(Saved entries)

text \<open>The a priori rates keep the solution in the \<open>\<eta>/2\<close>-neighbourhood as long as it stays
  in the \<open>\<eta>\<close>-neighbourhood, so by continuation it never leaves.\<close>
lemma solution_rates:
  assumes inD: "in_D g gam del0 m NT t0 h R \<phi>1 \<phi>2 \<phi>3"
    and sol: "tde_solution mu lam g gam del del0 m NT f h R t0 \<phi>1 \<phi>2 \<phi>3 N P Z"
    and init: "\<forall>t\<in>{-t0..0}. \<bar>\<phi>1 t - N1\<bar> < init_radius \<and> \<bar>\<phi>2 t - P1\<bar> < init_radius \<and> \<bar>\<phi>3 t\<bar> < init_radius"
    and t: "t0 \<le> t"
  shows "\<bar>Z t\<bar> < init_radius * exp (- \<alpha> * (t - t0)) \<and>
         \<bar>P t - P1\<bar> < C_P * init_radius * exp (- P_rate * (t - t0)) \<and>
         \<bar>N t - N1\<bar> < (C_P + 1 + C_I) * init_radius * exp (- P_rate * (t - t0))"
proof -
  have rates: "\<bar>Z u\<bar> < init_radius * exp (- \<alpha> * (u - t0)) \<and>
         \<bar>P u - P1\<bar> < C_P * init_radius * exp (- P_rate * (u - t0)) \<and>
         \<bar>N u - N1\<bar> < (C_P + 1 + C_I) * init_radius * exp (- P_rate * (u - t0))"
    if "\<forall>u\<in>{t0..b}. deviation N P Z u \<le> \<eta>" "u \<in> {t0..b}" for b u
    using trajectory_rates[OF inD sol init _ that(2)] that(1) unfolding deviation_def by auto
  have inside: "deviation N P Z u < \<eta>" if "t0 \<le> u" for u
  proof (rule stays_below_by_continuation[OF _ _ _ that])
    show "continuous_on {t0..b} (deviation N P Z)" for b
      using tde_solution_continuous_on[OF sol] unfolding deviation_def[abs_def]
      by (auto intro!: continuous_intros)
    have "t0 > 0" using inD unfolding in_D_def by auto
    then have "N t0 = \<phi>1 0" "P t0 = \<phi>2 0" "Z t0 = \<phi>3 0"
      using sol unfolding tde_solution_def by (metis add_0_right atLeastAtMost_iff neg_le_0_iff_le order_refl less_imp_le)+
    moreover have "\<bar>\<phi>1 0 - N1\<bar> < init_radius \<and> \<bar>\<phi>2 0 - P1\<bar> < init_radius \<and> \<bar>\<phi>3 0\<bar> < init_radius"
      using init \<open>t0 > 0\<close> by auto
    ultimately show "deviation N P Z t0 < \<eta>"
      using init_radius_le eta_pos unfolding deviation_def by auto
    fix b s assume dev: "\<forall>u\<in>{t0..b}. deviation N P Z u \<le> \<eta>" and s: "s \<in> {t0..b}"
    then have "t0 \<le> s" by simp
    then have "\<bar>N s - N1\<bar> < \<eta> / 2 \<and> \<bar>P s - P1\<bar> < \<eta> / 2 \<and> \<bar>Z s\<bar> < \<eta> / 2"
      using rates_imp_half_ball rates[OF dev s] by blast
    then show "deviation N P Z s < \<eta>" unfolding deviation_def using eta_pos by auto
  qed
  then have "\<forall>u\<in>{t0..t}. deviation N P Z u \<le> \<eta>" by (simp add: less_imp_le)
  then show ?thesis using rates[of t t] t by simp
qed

* * *

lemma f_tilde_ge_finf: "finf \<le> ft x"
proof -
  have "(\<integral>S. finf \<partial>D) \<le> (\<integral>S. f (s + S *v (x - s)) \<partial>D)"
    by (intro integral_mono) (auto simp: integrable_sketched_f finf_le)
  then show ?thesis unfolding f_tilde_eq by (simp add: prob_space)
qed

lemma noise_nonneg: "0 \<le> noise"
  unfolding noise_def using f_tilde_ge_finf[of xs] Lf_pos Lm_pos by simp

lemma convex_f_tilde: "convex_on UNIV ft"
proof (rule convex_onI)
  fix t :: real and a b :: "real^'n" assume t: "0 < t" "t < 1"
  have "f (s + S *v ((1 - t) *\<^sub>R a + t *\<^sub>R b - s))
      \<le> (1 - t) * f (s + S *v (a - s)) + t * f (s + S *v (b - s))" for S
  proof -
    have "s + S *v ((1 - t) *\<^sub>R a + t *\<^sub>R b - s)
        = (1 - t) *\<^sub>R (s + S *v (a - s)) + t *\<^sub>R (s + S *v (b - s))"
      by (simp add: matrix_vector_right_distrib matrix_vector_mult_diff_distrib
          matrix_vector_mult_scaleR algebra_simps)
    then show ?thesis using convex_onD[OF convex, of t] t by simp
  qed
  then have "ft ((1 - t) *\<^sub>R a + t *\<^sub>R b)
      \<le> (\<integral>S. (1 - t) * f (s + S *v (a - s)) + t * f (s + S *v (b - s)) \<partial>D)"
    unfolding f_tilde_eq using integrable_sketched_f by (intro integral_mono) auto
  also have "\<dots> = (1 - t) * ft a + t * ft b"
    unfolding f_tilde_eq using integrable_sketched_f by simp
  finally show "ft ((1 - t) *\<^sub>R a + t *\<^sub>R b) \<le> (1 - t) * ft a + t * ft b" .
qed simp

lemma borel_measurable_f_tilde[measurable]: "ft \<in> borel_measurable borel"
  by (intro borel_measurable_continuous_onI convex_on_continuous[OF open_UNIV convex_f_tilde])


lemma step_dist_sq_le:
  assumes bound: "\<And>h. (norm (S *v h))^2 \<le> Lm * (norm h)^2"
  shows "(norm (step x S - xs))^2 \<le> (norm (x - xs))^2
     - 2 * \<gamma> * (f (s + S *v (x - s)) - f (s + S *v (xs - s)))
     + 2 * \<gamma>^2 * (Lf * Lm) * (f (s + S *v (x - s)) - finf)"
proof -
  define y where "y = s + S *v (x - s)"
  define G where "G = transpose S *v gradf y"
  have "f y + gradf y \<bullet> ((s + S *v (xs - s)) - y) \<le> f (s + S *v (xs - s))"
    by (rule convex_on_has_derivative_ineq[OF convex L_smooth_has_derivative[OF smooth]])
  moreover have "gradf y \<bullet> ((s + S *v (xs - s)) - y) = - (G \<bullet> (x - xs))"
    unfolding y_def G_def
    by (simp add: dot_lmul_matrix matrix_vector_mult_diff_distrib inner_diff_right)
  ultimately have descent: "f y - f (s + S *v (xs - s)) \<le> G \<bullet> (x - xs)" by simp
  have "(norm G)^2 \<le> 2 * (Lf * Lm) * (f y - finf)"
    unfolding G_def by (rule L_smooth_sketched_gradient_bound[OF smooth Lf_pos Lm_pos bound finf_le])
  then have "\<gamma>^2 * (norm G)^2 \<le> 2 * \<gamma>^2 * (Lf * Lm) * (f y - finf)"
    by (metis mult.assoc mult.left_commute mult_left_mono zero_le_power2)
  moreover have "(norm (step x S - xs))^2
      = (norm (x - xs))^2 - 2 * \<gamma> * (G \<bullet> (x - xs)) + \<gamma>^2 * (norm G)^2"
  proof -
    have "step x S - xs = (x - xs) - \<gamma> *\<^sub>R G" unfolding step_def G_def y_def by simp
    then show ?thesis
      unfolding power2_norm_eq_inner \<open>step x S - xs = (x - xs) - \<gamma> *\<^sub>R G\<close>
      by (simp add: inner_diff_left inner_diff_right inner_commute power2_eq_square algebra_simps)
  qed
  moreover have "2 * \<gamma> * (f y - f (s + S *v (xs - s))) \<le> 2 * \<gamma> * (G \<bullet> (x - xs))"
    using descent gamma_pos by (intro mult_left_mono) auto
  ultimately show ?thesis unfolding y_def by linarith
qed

* **Exercise directions**
In the entries above, find the line with "gam del del0" and the line with "using sol unfolding", then set down exactly those two and every line between them, nothing else.

* **Response for this exercise**
    and sol: "tde_solution mu lam g gam del del0 m NT f h R t0 \<phi>1 \<phi>2 \<phi>3 N P Z"
    and init: "\<forall>t\<in>{-t0..0}. \<bar>\<phi>1 t - N1\<bar> < init_radius \<and> \<bar>\<phi>2 t - P1\<bar> < init_radius \<and> \<bar>\<phi>3 t\<bar> < init_radius"
    and t: "t0 \<le> t"
  shows "\<bar>Z t\<bar> < init_radius * exp (- \<alpha> * (t - t0)) \<and>
         \<bar>P t - P1\<bar> < C_P * init_radius * exp (- P_rate * (t - t0)) \<and>
         \<bar>N t - N1\<bar> < (C_P + 1 + C_I) * init_radius * exp (- P_rate * (t - t0))"
proof -
  have rates: "\<bar>Z u\<bar> < init_radius * exp (- \<alpha> * (u - t0)) \<and>
         \<bar>P u - P1\<bar> < C_P * init_radius * exp (- P_rate * (u - t0)) \<and>
         \<bar>N u - N1\<bar> < (C_P + 1 + C_I) * init_radius * exp (- P_rate * (u - t0))"
    if "\<forall>u\<in>{t0..b}. deviation N P Z u \<le> \<eta>" "u \<in> {t0..b}" for b u
    using trajectory_rates[OF inD sol init _ that(2)] that(1) unfolding deviation_def by auto
  have inside: "deviation N P Z u < \<eta>" if "t0 \<le> u" for u
  proof (rule stays_below_by_continuation[OF _ _ _ that])
    show "continuous_on {t0..b} (deviation N P Z)" for b
      using tde_solution_continuous_on[OF sol] unfolding deviation_def[abs_def]
      by (auto intro!: continuous_intros)
    have "t0 > 0" using inD unfolding in_D_def by auto
    then have "N t0 = \<phi>1 0" "P t0 = \<phi>2 0" "Z t0 = \<phi>3 0"
      using sol unfolding tde_solution_def by (metis add_0_right atLeastAtMost_iff neg_le_0_iff_le order_refl less_imp_le)+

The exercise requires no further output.